Энгельхардт не совсем понял, в чем тут юмор, и вообще с подозрением относился к остротам на сексуальную тему, поскольку сам половой акт представлялся ему чем-то естественным и богоданным, а вовсе не ущемленным проявлением неправильно понятой мужской потребности… Он, впрочем, не стал этого говорить, а вопрошающе и растерянно уставился на плантатора. Теперь господину Отто пришлось, так сказать, пойти на попятную, и он принялся рассказывать, что привело его в протекторатные земли, сопровождая свои слова целым каскадом суетливых жестов. Оставим эту тему, для начала сказал он; после чего, ослабив повлажневший от пота воротник, самоуверенно уселся в ногах у Энгельхардта, на приступку шезлонга. Сам он, доложил господин Отто, искусно подкрутив кончики усов, охотится за paradisaeidae, то бишь райскими птицами, цены на перья которых — в салонах Нового Света, от Нью-Йорка до Буэнос-Айреса, — ас-тро-но-ми-чес-ки-е. — И что же, птиц ради этого лишают жизни? — нехотя поинтересовался Энгельхардт, увидев, что Отто расположился очень удобно и никакой отвлекающий маневр теперь не поможет ему, Энгельхардту, вернуться к чтению. — В идеальном случае, notabene, перья ощипывают с еще живой птицы; и хотя некоторые торговцы предпочитают просто подбирать с земли те драгоценные украшения, что сами вываливаются из хвоста перезрелого объекта охоты, он, Отто, не сторонник подобных методов. Ведь на конце перьевого стержня — в качестве гарантии качества — должны быть следы крови, и перья, не отмеченные таким знаком, он, Отто, вообще не покупает… — Энгельхардт скривился, почувствовав легкую тошноту, но тут как раз зазвенел корабельный колокол и господин Отто мягко, но настойчиво взял его под руку: мол, молодой человек непременно должен оказать ему честь — отобедать с ним.

Хартмут Отто был человеком нравственным, в подлинном смысле слова, хотя его моральные принципы больше соответствовали только что закончившемуся столетию и он плохо понимал начинающуюся новую эпоху, к протагонистам которой относился Август Энгельхардт. Разумеется, этот охотник на птиц тоже читал работы прогрессивных естествоиспытателей, таких как Альфред Рассел Уоллес, Ламарк, Дарвин, и даже обращал особое внимание на все то, что имеет отношение к таксономии, однако у него не только отсутствовала вера в современность как кумулятивный процесс, но, доведись ему лично встретить кого-то из радикальных мыслителей (наподобие Уоллесса или Дарвина) — встретить случайно, скажем, во время морского путешествия, — он бы не распознал и не принял такого человека: ведь даже вегетарианство Энгельхардта представлялось ему чуть ли не смертным грехом.

Энгельхардт, хоть и неохотно, все-таки последовал за своим собеседником в салон первого класса.

Там ему (усевшемуся, как и прочие обедающие, на громоздкий неоготический стул со спинкой, набитой конским волосом, и бросающему недоуменные взгляды на развешанные по стенам репродукции картин нидерландских мастеров в массивных золоченых рамах) по инициативе господина Отто, махнувшего малайскому стюарду, тотчас принесли нечто совершенно не соответствующее привычному рациону: тарелку дымящейся лапши и свиную отбивную, обильно политую коричневым соусом. Энгельхардт с неприкрытым отвращением смотрел на кусок мяса, отливающий синевой, лежащий перед ним на ложе из лапши.

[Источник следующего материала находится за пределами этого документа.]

text \<open>A vertex whose value dominates the walk since time \<open>i\<close> lies on the orbit of \<open>i\<close>:
  every jump of the record map stops at or before it.\<close>

lemma record_orbit_reaches:
  assumes "i \<le> n" "\<forall>m. i \<le> m \<and> m < n \<longrightarrow> psum x m \<le> psum x n"
  shows "\<exists>k. (record_map x ^^ k) i = n"
  using assms
proof (induction "nat (n - i)" arbitrary: i rule: less_induct)
  case less
  show ?case
  proof (cases "i = n")
    case True
    then show ?thesis by (metis funpow_0)
  next
    case False
    then have "i < n" "psum x i \<le> psum x n" using less.prems by auto
    then have "i < record_map x i" "record_map x i \<le> n"
      using record_map_least(1) record_map_le by blast+
    moreover have "nat (n - record_map x i) < nat (n - i)" using \<open>i < record_map x i\<close> \<open>i < n\<close> by simp
    ultimately obtain k where "(record_map x ^^ k) (record_map x i) = n"
      using less by (metis order.trans order.strict_implies_order)
    then have "(record_map x ^^ Suc k) i = n" by (simp add: funpow_Suc_right del: funpow.simps)
    then show ?thesis by blast
  qed
qed

lemma psum_le_on_orbit:
  assumes "(record_map x ^^ k) w = v" "w \<le> t" "t < v"
  shows "psum x t \<le> psum x v"
  using assms
proof (induction k arbitrary: w)
  case (Suc k)
  have v: "(record_map x ^^ k) (record_map x w) = v"
    using Suc.prems(1) by (simp add: funpow_Suc_right del: funpow.simps)
  show ?case
  proof (cases "record_map x w \<le> t")
    case True
    then show ?thesis using Suc.IH[OF v True] Suc.prems by simp
  next
    case False
    then have "psum x t \<le> psum x w" using psum_le_before_record_map Suc.prems by simp
    also have "\<dots> \<le> psum x (record_map x w)" by (rule psum_record_map_ge)
    also have "\<dots> \<le> psum x v" using psum_funpow_record_map_mono[of 0 k x "record_map x w"] v by simp
    finally show ?thesis .
  qed
qed simp

definition no_fixed_points :: "(int \<Rightarrow> int) \<Rightarrow> bool" where
  "no_fixed_points x \<longleftrightarrow> (\<forall>i. record_map x i \<noteq> i)"

lemma no_fixed_points_record_map_gt: "no_fixed_points x \<Longrightarrow> i < record_map x i"
  using record_map_ge[of i x] unfolding no_fixed_points_def by (metis order_le_neq_trans)

lemma no_fixed_points_funpow_record_map_ge:
  "no_fixed_points x \<Longrightarrow> i + int k \<le> (record_map x ^^ k) i"
proof (induction k)
  case (Suc k)
  then show ?case using no_fixed_points_record_map_gt[of x "(record_map x ^^ k) i"] by simp
qed simp

lemma no_fixed_points_funpow_record_map_inj:
  assumes "no_fixed_points x" "(record_map x ^^ k) i = (record_map x ^^ l) i"
  shows "k = l"
proof -
  have "strict_mono (\<lambda>k. (record_map x ^^ k) i)"
    by (rule strict_monoI_Suc) (simp add: no_fixed_points_record_map_gt[OF assms(1)])
  then show ?thesis using assms(2) by (metis strict_mono_eq)
qed

text \<open>For \<open>i \<le> j\<close> both orbits pass through the first time after \<open>j\<close> at which the walk reaches
  its maximum over \<open>[i, j]\<close>; such a time exists because the orbit of a maximiser climbs past \<open>j\<close>.\<close>

lemma record_orbits_meet_ordered:
  assumes "no_fixed_points x" "i \<le> j"
  shows "\<exists>a b. (record_map x ^^ a) i = (record_map x ^^ b) j"
proof -
  define V where "V = Max (psum x ` {i..j})"
  have "V \<in> psum x ` {i..j}" unfolding V_def using assms(2) by (intro Max_in) auto
  then obtain m0 where m0: "m0 \<in> {i..j}" "psum x m0 = V" by auto
  have V_ge: "psum x m \<le> V" if "m \<in> {i..j}" for m unfolding V_def using that by simp
  define P where "P n \<longleftrightarrow> j - 1 < n \<and> V \<le> psum x n" for n
  define c where "c = (record_map x ^^ (nat (j - m0) + 1)) m0"
  have "j < c" using no_fixed_points_funpow_record_map_ge[OF assms(1), of m0 "nat (j - m0) + 1"] m0
    unfolding c_def by simp
  moreover have "V \<le> psum x c"
    unfolding c_def using psum_funpow_record_map_mono[of 0 "nat (j - m0) + 1" x m0] m0 by simp
  ultimately have "P c" unfolding P_def by simp
  define n where "n = (LEAST n. P n)"
  have bound: "\<And>m. P m \<Longrightarrow> j - 1 < m" unfolding P_def by simp
  have least: "P n" "\<And>m. P m \<Longrightarrow> n \<le> m"
    unfolding n_def using int_Least_bounded_below[of P c "j - 1"] \<open>P c\<close> bound by blast+
  have "psum x m \<le> psum x n" if "i \<le> m" "m < n" for m
  proof (cases "m \<le> j")
    case True
    then show ?thesis using V_ge[of m] that least(1) P_def by auto
  next
    case False
    have "\<not> P m" using least(2)[of m] that(2) by linarith
    then show ?thesis using False least(1) unfolding P_def by auto
  qed
  then have "\<exists>a. (record_map x ^^ a) i = n" "\<exists>b. (record_map x ^^ b) j = n"
    using least(1) assms(2) unfolding P_def by (auto intro!: record_orbit_reaches)
  then show ?thesis by metis
qed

Хартмут Отто, человек по натуре добродушный, подумал, что его новый знакомый, пассажир второго класса, смущен, потому что не знает, по средствам ли ему оплатить этот незапланированный обед, и стал подзадоривать своего визави: дескать, попробуйте отбивную, я вас очень прошу; разумеется, угощаю я… На что Энгельхардт вежливо, но с твердостью, продиктованной его (и Шопенгауэра, и Эмерсона) убеждениями, ответил: спасибо, но он принципиальный приверженец вегетарианства, если говорить в самом общем плане, а если конкретно — фрукторианец; и сейчас он, пожалуй, не отказался бы от листьев зеленого салата, ничем не приправленных, без соли и перца…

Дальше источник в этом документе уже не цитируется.